Flow is a popular word in the machine learning lexicon. It signifies the concept of a workflow, a critical piece of software in the ML stack that orchestrates jobs, pushing each one through a sequence of steps in a defined end-to-end process. MFlow, Argo Workflow, and Kubeflow are three open-source Kubernetes-native tools that do just that.
They were built on top of Kubernetes and are therefore able to take advantage of all the Kubernetes features. And Kubernetes is turning into the de-facto container orchestration standard for machine learning if it isn’t already.
- Apache Airflow: Developed at Airbnb. Initial release June 2015. Has 23k stars on GitHub.
- Luigi: Developed by Spotify: Initial release in 2011. Has 15k stars on GitHub.
MLflow, developed by Databricks, is more than just a workflow tool, it is a platform with a comprehensive set of features that does much more. It manages the entire ML lifecycle, similar to Uber’s Michelangelo. Michelangelo is a revolutionary and proprietary platform that drives all ML innovations within Uber, managing the entire end-to-end process, from data preparation to training to deployment to monitoring, and so on. Another tool in this domain is Facebook’s FBLearner Flow.
MLflow supports several frameworks and tools. At the most basic level, it eases the process of experimentation and deployment at scale. One of the most powerful features is reproducibility, in that the same data set can be fed into multiple frameworks multiple times and the results will be the same.
One interesting tidbit, Facebook noted that the “largest improvements in accuracy came from quick experiments, feature engineering, and model tuning rather than applying fundamentally different algorithms.” The four components of MLflow are as follows:
- MLflow Tracking: Record, query, and track experiments
- MLflow Projects: Package code and reproduce on any system
- MLflow Models: Deploy models on any platform
- Model Registry: Stores, annotates, discovers, and manages ML models in a centralized repository
Argo Workflow is one of the most popular open-source Kubernetes-native workflow engines (9k stars on Github). Each step is defined within a container and it works as a directed acyclic graph (DAG) where “information must travel between vertices in a specific direction (forward)” but can’t travel back. The product is used by many, from startup to Fortune 500, and it’s highly scaleable, where it can run thousands of workflows concurrently. Argo Workflows is used for:
- ML pipelines but not specific to ML
- Extract, transform, and load (ETL)
- CI/CD and automation
- Data processing and batch
The other Argo Products include:
- Argo CD: GitOps tool for continuous delivery on Kubernetes
- Argo Rollouts: Controller that provides blue-green and canary deployment, and canary analysis
- Argo Events: Event-driven tool that helps trigger container objects, Argo workflows, and serverless workloads from different sources like S3, schedules, pubsub, etc.
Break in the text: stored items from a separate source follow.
lemma compose_X_mult_eq_mult:
  fixes f h :: "'a::field fps"
  assumes "f \<in> Uj i" "1 \<le> i" "h \<in> Uj k" "1 \<le> k"
  shows "\<exists>g\<in>Uj (i + k). g $ (i + k) = of_nat i * f $ i * h $ k \<and> f oo (fps_X * h) = f * g"
proof -
  let ?D = "(f oo (fps_X * h)) - f"
  define g where "g = 1 + ?D * inverse f"
  have inv: "f * inverse f = 1" "inverse f $ 0 = 1"
    using Uj_mult_inverse assms(1) by (auto simp: Uj_def)
  have "vanishes_below (i + k) (g - 1)"
    using compose_X_mult_minus(1)[OF assms] by (simp add: g_def vanishes_below_mult_right)
  moreover from this have "(g - 1) $ 0 = 0"
    using assms(2) by (simp add: vanishes_below_def)
  ultimately have "g \<in> Uj (i + k)"
    by (simp add: Uj_iff)
  moreover have "(?D * inverse f) $ (i + k + 0) = ?D $ (i + k) * inverse f $ 0"
    using compose_X_mult_minus(1)[OF assms] inv(2)
    by (intro conjunct2[OF vanishes_below_mult_nth]) (auto simp: vanishes_below_def)
  then have "g $ (i + k) = of_nat i * f $ i * h $ k"
    using assms(2) inv(2) compose_X_mult_minus(2)[OF assms] by (simp add: g_def)
  moreover have "f * g = f + (f * inverse f) * ?D"
    by (simp add: g_def algebra_simps)
  then have "f oo (fps_X * h) = f * g"
    using inv(1) by simp
  ultimately show ?thesis by blast
qed

section \<open>The Nottingham group and its action\<close>

lemma nottingham_eq_X_mult: "u \<in> nottingham \<Longrightarrow> u = fps_X * fps_shift 1 u"
  by (auto simp: nottingham_def fps_eq_iff)

lemma fps_shift_nottingham: "u \<in> nottingham \<Longrightarrow> fps_shift 1 u \<in> Uj 1"
  by (simp add: nottingham_def Uj_def)

lemma X_mult_in_nottingham: "h \<in> Uj 1 \<Longrightarrow> fps_X * h \<in> nottingham"
  by (simp add: nottingham_def Uj_def)

lemma fps_shift_X_mult: "fps_shift 1 (fps_X * a) = (a :: 'a::field fps)"
  by (metis fps_shift_times_fps_X' mult.commute)

lemma X_mult_compose: "u $ 0 = 0 \<Longrightarrow> (fps_X * a) oo u = u * (a oo u)"
  for a u :: "'a::field fps"
  by (simp add: fps_compose_mult_distrib)

lemma compose_in_Uj:
  fixes f u :: "'a::field fps"
  assumes f: "f \<in> Uj i" and u: "u \<in> nottingham"
  shows "f oo u \<in> Uj i"
proof (cases "i = 0")
  case True
  then show ?thesis using assms by (simp add: Uj_def)
next
  case False
  obtain g where "g \<in> Uj (i + 1)" "f oo u = f * g"
    using compose_X_mult_eq_mult[OF f _ fps_shift_nottingham[OF u] order.refl] False
      nottingham_eq_X_mult[OF u] by auto
  then show ?thesis
    using mult_in_Uj[OF f] Uj_antimono[of i "i + 1"] by auto
qed

lemma fps_shift_compose:
  fixes u v :: "'a::field fps"
  assumes "u \<in> nottingham" "v \<in> nottingham"
  shows "fps_shift 1 (v oo u) = fps_shift 1 u * (fps_shift 1 v oo u)"
proof -
  have "u $ 0 = 0"
    using assms(1) by (simp add: nottingham_def)
  then have "v oo u = fps_X * (fps_shift 1 u * (fps_shift 1 v oo u))"
    using X_mult_compose nottingham_eq_X_mult[OF assms(2)] nottingham_eq_X_mult[OF assms(1)]
    by (metis mult.assoc)
  then show ?thesis
    by (metis fps_shift_X_mult)
qed

lemma compose_in_nottingham:
  fixes u v :: "'a::field fps"
  assumes "u \<in> nottingham" "v \<in> nottingham"
  shows "v oo u \<in> nottingham"
proof -
  have "fps_shift 1 (v oo u) \<in> Uj 1"
    unfolding fps_shift_compose[OF assms] using assms
    by (intro mult_in_Uj compose_in_Uj fps_shift_nottingham)
  then show ?thesis
    using assms(2) by (simp add: nottingham_def Uj_def)
qed

lemma act_compose:
  assumes "u \<in> nottingham" "v \<in> nottingham"
  shows "act (v oo u) \<chi> = act v (act u \<chi>)"
proof -
  have "f oo (v oo u) = (f oo v) oo u" for f
    using assms by (intro fps_compose_assoc) (auto simp: nottingham_def)
  then show ?thesis
    using compose_in_Uj[OF _ assms(2)] by (auto simp: act_def)
qed

context U1_hom
begin

lemma act_X [simp]: "act fps_X \<chi> = \<chi>"
  by (auto simp: act_def vanishes_outside)

lemma act_U1_hom:
  assumes u: "u \<in> nottingham"
  shows "U1_hom p (act u \<chi>)"
proof
  have u0: "u $ 0 = 0"
    using u by (simp add: nottingham_def)
  fix f g :: "'a fps"
  assume "f \<in> Uj 1" "g \<in> Uj 1"
  then show "act u \<chi> (f * g) = (act u \<chi> f + act u \<chi> g) mod int p ^ 2"
    using mult compose_in_Uj[OF _ u] fps_compose_mult_distrib[OF u0]
    by (simp add: act_def mult_in_Uj)
qed (use prime_p nonneg less_modulus in \<open>auto simp: act_def\<close>)

lemma strictly_equiv_refl: "strictly_equiv \<chi> \<chi>"
proof -
  have "fps_X \<in> nottingham" "fps_shift 1 fps_X = (1 :: 'a fps)"
    using fps_shift_X_mult[of 1] by (simp_all add: nottingham_def)
  then show ?thesis
    unfolding strictly_equiv_def by force
qed

lemma strictly_equiv_act_X_mult:
  assumes "h \<in> Uj 1" "\<chi> h = 0"
  shows "strictly_equiv \<chi> (act (fps_X * h) \<chi>)"
  using assms X_mult_in_nottingham fps_shift_X_mult[of h] unfolding strictly_equiv_def by metis

lemma strictly_equiv_trans:
  assumes "strictly_equiv \<chi> \<psi>" "strictly_equiv \<psi> \<phi>"
  shows "strictly_equiv \<chi> \<phi>"
proof -
  obtain u where u: "u \<in> nottingham" "\<chi> (fps_shift 1 u) = 0" "\<psi> = act u \<chi>"
    using assms(1) by (auto simp: strictly_equiv_def)
  obtain v where v: "v \<in> nottingham" "\<psi> (fps_shift 1 v) = 0" "\<phi> = act v \<psi>"
    using assms(2) by (auto simp: strictly_equiv_def)
  have sv: "fps_shift 1 v \<in> Uj 1"
    using v(1) by (rule fps_shift_nottingham)
  have "\<chi> (fps_shift 1 (v oo u)) = (\<chi> (fps_shift 1 u) + \<chi> (fps_shift 1 v oo u)) mod int p ^ 2"
    unfolding fps_shift_compose[OF u(1) v(1)]
    using fps_shift_nottingham[OF u(1)] compose_in_Uj[OF sv u(1)] by (rule mult)
  also have "\<chi> (fps_shift 1 v oo u) = \<psi> (fps_shift 1 v)"
    using sv u(3) by (simp add: act_def)
  finally have "\<chi> (fps_shift 1 (v oo u)) = 0"
    using u(2) v(2) by simp
  moreover have "\<phi> = act (v oo u) \<chi>"
    using u v by (simp add: act_compose)
  ultimately show ?thesis
    unfolding strictly_equiv_def using compose_in_nottingham[OF u(1) v(1)] by blast
qed

lemma strictly_equiv_sym:
  assumes "strictly_equiv \<chi> \<psi>"
  shows "strictly_equiv \<psi> \<chi>"
proof -
  obtain u where u: "u \<in> nottingham" "\<chi> (fps_shift 1 u) = 0" "\<psi> = act u \<chi>"
    using assms by (auto simp: strictly_equiv_def)
  define w where "w = fps_inv u"
  have w: "w \<in> nottingham" "w oo u = fps_X"
    using u(1) fps_inv[of u] by (auto simp: nottingham_def w_def fps_inv_def)
  have sw: "fps_shift 1 w \<in> Uj 1"
    using w(1) by (rule fps_shift_nottingham)
  have "0 = \<chi> (fps_shift 1 (w oo u))"
    using w(2) fps_shift_X_mult[of 1] by simp
  also have "\<dots> = (\<chi> (fps_shift 1 u) + \<chi> (fps_shift 1 w oo u)) mod int p ^ 2"
    unfolding fps_shift_compose[OF u(1) w(1)]
    using fps_shift_nottingham[OF u(1)] compose_in_Uj[OF sw u(1)] by (rule mult)
  also have "\<chi> (fps_shift 1 w oo u) = \<psi> (fps_shift 1 w)"
    using sw u(3) by (simp add: act_def)
  finally have "\<psi> (fps_shift 1 w) = 0"
    using u(2,3) U1_hom.mod_modulus[OF act_U1_hom[OF u(1)]] by simp
  moreover have "\<chi> = act w \<psi>"
    using u w by (simp add: act_compose[symmetric])
  ultimately show ?thesis
    unfolding strictly_equiv_def using w(1) by blast
qed

end

lemma equiv_strictly_equiv:
  assumes "\<And>\<chi>. \<chi> \<in> A \<Longrightarrow> U1_hom p \<chi>"
  shows "equiv A {(\<chi>, \<psi>). \<chi> \<in> A \<and> \<psi> \<in> A \<and> strictly_equiv \<chi> \<psi>}"
  using assms U1_hom.strictly_equiv_refl U1_hom.strictly_equiv_sym U1_hom.strictly_equiv_trans
  unfolding equiv_def refl_on_def sym_def trans_def by blast

section \<open>Normal forms under strict equivalence\<close>

text \<open>The type \<open>\<langle>l, m\<rangle>\<close> stated through \<open>E\<^sub>l\<close> and \<open>E\<^sub>m\<close>, a form visibly preserved by the action.\<close>

definition hom_of_type :: "nat \<Rightarrow> nat \<Rightarrow> nat \<Rightarrow> ('a::field fps \<Rightarrow> int) \<Rightarrow> bool" where
  "hom_of_type p l m \<chi> \<longleftrightarrow> U1_hom p \<chi> \<and> 1 \<le> l \<and> l < m \<and>
     (\<forall>f\<in>Uj (Suc l). int p dvd \<chi> f) \<and> (\<forall>f\<in>Uj (Suc m). \<chi> f = 0) \<and>
     \<not> int p dvd \<chi> (E l) \<and> \<chi> (E m) \<noteq> 0"

text \<open>The values on the \<open>E\<^sub>j\<close> of the reduced forms \<open>x\<^sub>l Z\<^sub>l + \<Sum>\<^bsub>m-l\<le>j\<le>m\<^esub> b\<^sub>j p Z\<^sub>j\<close>:
  no unit part below \<open>l\<close>, and no part divisible by \<open>p\<close> below \<open>m - l\<close>.\<close>

definition E_value_dvd_p :: "nat \<Rightarrow> nat \<Rightarrow> ('a::field fps \<Rightarrow> int) \<Rightarrow> bool" where
  "E_value_dvd_p p j \<psi> \<longleftrightarrow> (1 \<le> j \<and> \<not> p dvd j \<longrightarrow> int p dvd \<psi> (E j))"

definition E_value_less_p :: "nat \<Rightarrow> nat \<Rightarrow> ('a::field fps \<Rightarrow> int) \<Rightarrow> bool" where
  "E_value_less_p p j \<psi> \<longleftrightarrow> (1 \<le> j \<and> \<not> p dvd j \<longrightarrow> \<psi> (E j) < int p)"

definition reduced :: "nat \<Rightarrow> nat \<Rightarrow> nat \<Rightarrow> ('a::field fps \<Rightarrow> int) \<Rightarrow> bool" where
  "reduced p l m \<psi> \<longleftrightarrow> hom_of_type p l m \<psi> \<and>
     (\<forall>j<l. E_value_dvd_p p j \<psi>) \<and> (\<forall>j<m - l. E_value_less_p p j \<psi>)"

definition reduced_values :: "nat \<Rightarrow> nat \<Rightarrow> nat \<Rightarrow> nat \<Rightarrow> int set" where
  "reduced_values p l m j = {v. 0 \<le> v \<and> v < int p ^ 2 \<and> (j = l \<longleftrightarrow> \<not> int p dvd v) \<and>
     (j < m - l \<longrightarrow> v < int p) \<and> (j = m \<longrightarrow> v \<noteq> 0)}"

definition reduced_count :: "nat \<Rightarrow> nat \<Rightarrow> nat \<Rightarrow> nat \<Rightarrow> nat" where
  "reduced_count p l m j =
     (if j = l then p - 1 else 1) * (if j = m then p - 1 else if m - l \<le> j then p else 1)"

lemma reduced_value_in_reduced_values:
  fixes \<psi> :: "'a::field fps \<Rightarrow> int"
  assumes "reduced p l m \<psi>" "1 \<le> j" "j \<le> m" "\<not> p dvd j"
  shows "\<psi> (E j) \<in> reduced_values p l m j"
proof -
  have type: "hom_of_type p l m \<psi>"
    using assms(1) by (simp add: reduced_def)
  then have "int p dvd \<psi> (E j)" if "j \<noteq> l"
    using that assms(1-4) E_in_Uj_le[of j "Suc l"]
    by (cases "j < l") (auto simp: reduced_def hom_of_type_def E_value_dvd_p_def)
  then show ?thesis
    using assms type U1_hom.nonneg U1_hom.less_modulus
    by (auto simp: reduced_values_def reduced_def hom_of_type_def E_value_less_p_def)
qed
Google developed Kubeflow is an open-source Kubernetes-native platform for creating workflows, training models, and deploying them. It was designed specifically for machine learning. One of the important features is Kubeflow Pipelines which was developed from Argo Workflow.
Kubeflow integrates with Chainer, XGBoost, MXNet, PyTorch, Istio, and several other tools. The goal of this product is to simplify the process of orchestrating, training, and deploying ML models. It’s a critical component to Google’s portfolio of ML services as well as many other startups. Kubeflow features include:
- Makes experimentation
- Scale experimentation and model deployments to thousands
- Supports AutoML
- Re-usable ML workflows
- End-to-end orchestration
- Support for a wide array of open source products
- Hard work is done behind the scenes
In summary, open-source Kubernetes-native workflow engines are playing an important part in simplifying the end-to-end process. This type of work falls under the MLOps umbrella, which marries machine learning with DevOps. Using ML models should not be confined to the domain of data scientist, but open to DevOps engineers that have experience working with data.